Requirement: The lines below, beginning at the one that contains "ki then (parent" and ending at the last, are to be retyped exactly.

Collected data
----------

lemma funpow_parent_reaches_root: "\<exists>n. (parent ^^ n) v = r"
proof -
  have "(uadj T)\<^sup>*\<^sup>* r v" using spanning_tree unfolding is_tree_def graph_connected_def by blast
  then show ?thesis
  proof (induction rule: rtranclp_induct)
    case base
    show ?case by (rule exI[of _ 0]) simp
  next
    case (step u v)
    then obtain n where n: "(parent ^^ n) u = r" by blast
    from step(2) consider "T u v" | "T v u" unfolding uadj_def by blast
    then show ?case
    proof cases
      case 1
      then have "(parent ^^ Suc n) v = r" using n parent_eqI by (simp add: funpow_Suc_right del: funpow.simps)
      then show ?thesis by blast
    next
      case 2
      then obtain m where "n = Suc m" using n no_arc_into_root by (cases n) auto
      then have "(parent ^^ m) v = r" using n parent_eqI[OF 2] by (simp add: funpow_Suc_right del: funpow.simps)
      then show ?thesis by blast
    qed
  qed
qed

definition depth :: "'k \<Rightarrow> nat" where
  "depth v = (LEAST n. (parent ^^ n) v = r)"

lemma funpow_depth: "(parent ^^ depth v) v = r"
  unfolding depth_def using funpow_parent_reaches_root by (rule LeastI_ex)

lemma depth_le: "(parent ^^ n) v = r \<Longrightarrow> depth v \<le> n"
  unfolding depth_def by (rule Least_le)

lemma depth_eq_0_iff: "depth v = 0 \<longleftrightarrow> v = r"
  using funpow_depth[of v] depth_le[of 0 r] by auto

lemma depth_root [simp]: "depth r = 0"
  by (simp add: depth_eq_0_iff)

lemma depth_parent: "v \<noteq> r \<Longrightarrow> depth v = Suc (depth (parent v))"
proof -
  assume "v \<noteq> r"
  then obtain m where m: "depth v = Suc m" using depth_eq_0_iff by (cases "depth v") auto
  then have "(parent ^^ m) (parent v) = r" using funpow_depth[of v] by (simp add: funpow_Suc_right del: funpow.simps)
  then have "depth (parent v) \<le> m" by (rule depth_le)
  moreover have "depth v \<le> Suc (depth (parent v))"
    using funpow_depth[of "parent v"] by (intro depth_le) (simp add: funpow_Suc_right del: funpow.simps)
  ultimately show ?thesis using m by simp
qed

lemma depth_funpow_parent: "m \<le> depth v \<Longrightarrow> depth ((parent ^^ m) v) = depth v - m"
proof (induction m)
  case (Suc m)
  have "(parent ^^ m) v \<noteq> r" using depth_le[of m v] Suc.prems by auto
  then show ?case using Suc depth_parent[of "(parent ^^ m) v"] by simp
qed simp

lemma funpow_parent_neq_root: "m < depth v \<Longrightarrow> (parent ^^ m) v \<noteq> r"
  using depth_le[of m v] by auto

lemma parent_parent_neq: "v \<noteq> r \<Longrightarrow> parent v \<noteq> r \<Longrightarrow> parent (parent v) \<noteq> v"
  using depth_parent[of v] depth_parent[of "parent v"] by auto

lemma depth_induct [case_names root parent]:
  assumes "P r" and "\<And>v. v \<noteq> r \<Longrightarrow> P (parent v) \<Longrightarrow> P v"
  shows "P v"
proof (induction "depth v" arbitrary: v rule: less_induct)
  case less
  then show ?case using assms depth_parent[of v] by (cases "v = r") auto
qed

definition tree_walk :: "'k \<Rightarrow> nat \<Rightarrow> 'k \<Rightarrow> nat \<Rightarrow> nat \<Rightarrow> 'k" where
  "tree_walk i ki j kj m = (if m < ki then (parent ^^ m) i else (parent ^^ (ki + kj - m)) j)"

lemma tree_walk_uadj:
  assumes ki: "ki \<le> depth i" and kj: "kj \<le> depth j"
    and meet: "(parent ^^ ki) i = (parent ^^ kj) j" and m: "m < ki + kj"
  shows "uadj (uedge w) (tree_walk i ki j kj m) (tree_walk i ki j kj (Suc m))"
proof (cases "m < ki")
  case True
  have "tree_walk i ki j kj (Suc m) = parent (tree_walk i ki j kj m)"
  proof (cases "Suc m < ki")
    case False
    then have "ki = Suc m" using True by simp
    moreover have "(parent ^^ kj) j = parent ((parent ^^ m) i)" using meet \<open>ki = Suc m\<close> by simp
    ultimately show ?thesis using True unfolding tree_walk_def by simp
  qed (use True in \<open>simp add: tree_walk_def\<close>)
  moreover have "tree_walk i ki j kj m \<noteq> r"
    using True ki funpow_parent_neq_root unfolding tree_walk_def by simp
  ultimately show ?thesis using uadj_parent by metis
next
  case False
  define s where "s = ki + kj - Suc m"
  have "ki + kj - m = Suc s" using m unfolding s_def by simp
  then have "tree_walk i ki j kj m = parent (tree_walk i ki j kj (Suc m))"
    "tree_walk i ki j kj (Suc m) = (parent ^^ s) j"
    using False unfolding tree_walk_def s_def by simp_all
  moreover have "(parent ^^ s) j \<noteq> r"
    using kj False m unfolding s_def by (intro funpow_parent_neq_root) linarith
  ultimately show ?thesis using uadj_parent unfolding uadj_def by metis
qed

----------

Exercise output:
  "tree_walk i ki j kj m = (if m < ki then (parent ^^ m) i else (parent ^^ (ki + kj - m)) j)"

lemma tree_walk_uadj:
  assumes ki: "ki \<le> depth i" and kj: "kj \<le> depth j"
    and meet: "(parent ^^ ki) i = (parent ^^ kj) j" and m: "m < ki + kj"
  shows "uadj (uedge w) (tree_walk i ki j kj m) (tree_walk i ki j kj (Suc m))"
proof (cases "m < ki")
  case True
  have "tree_walk i ki j kj (Suc m) = parent (tree_walk i ki j kj m)"
  proof (cases "Suc m < ki")
    case False
    then have "ki = Suc m" using True by simp
    moreover have "(parent ^^ kj) j = parent ((parent ^^ m) i)" using meet \<open>ki = Suc m\<close> by simp
    ultimately show ?thesis using True unfolding tree_walk_def by simp
  qed (use True in \<open>simp add: tree_walk_def\<close>)
  moreover have "tree_walk i ki j kj m \<noteq> r"
    using True ki funpow_parent_neq_root unfolding tree_walk_def by simp
  ultimately show ?thesis using uadj_parent by metis
next
  case False
  define s where "s = ki + kj - Suc m"
  have "ki + kj - m = Suc s" using m unfolding s_def by simp
  then have "tree_walk i ki j kj m = parent (tree_walk i ki j kj (Suc m))"
    "tree_walk i ki j kj (Suc m) = (parent ^^ s) j"
    using False unfolding tree_walk_def s_def by simp_all
  moreover have "(parent ^^ s) j \<noteq> r"
    using kj False m unfolding s_def by (intro funpow_parent_neq_root) linarith
  ultimately show ?thesis using uadj_parent unfolding uadj_def by metis
qed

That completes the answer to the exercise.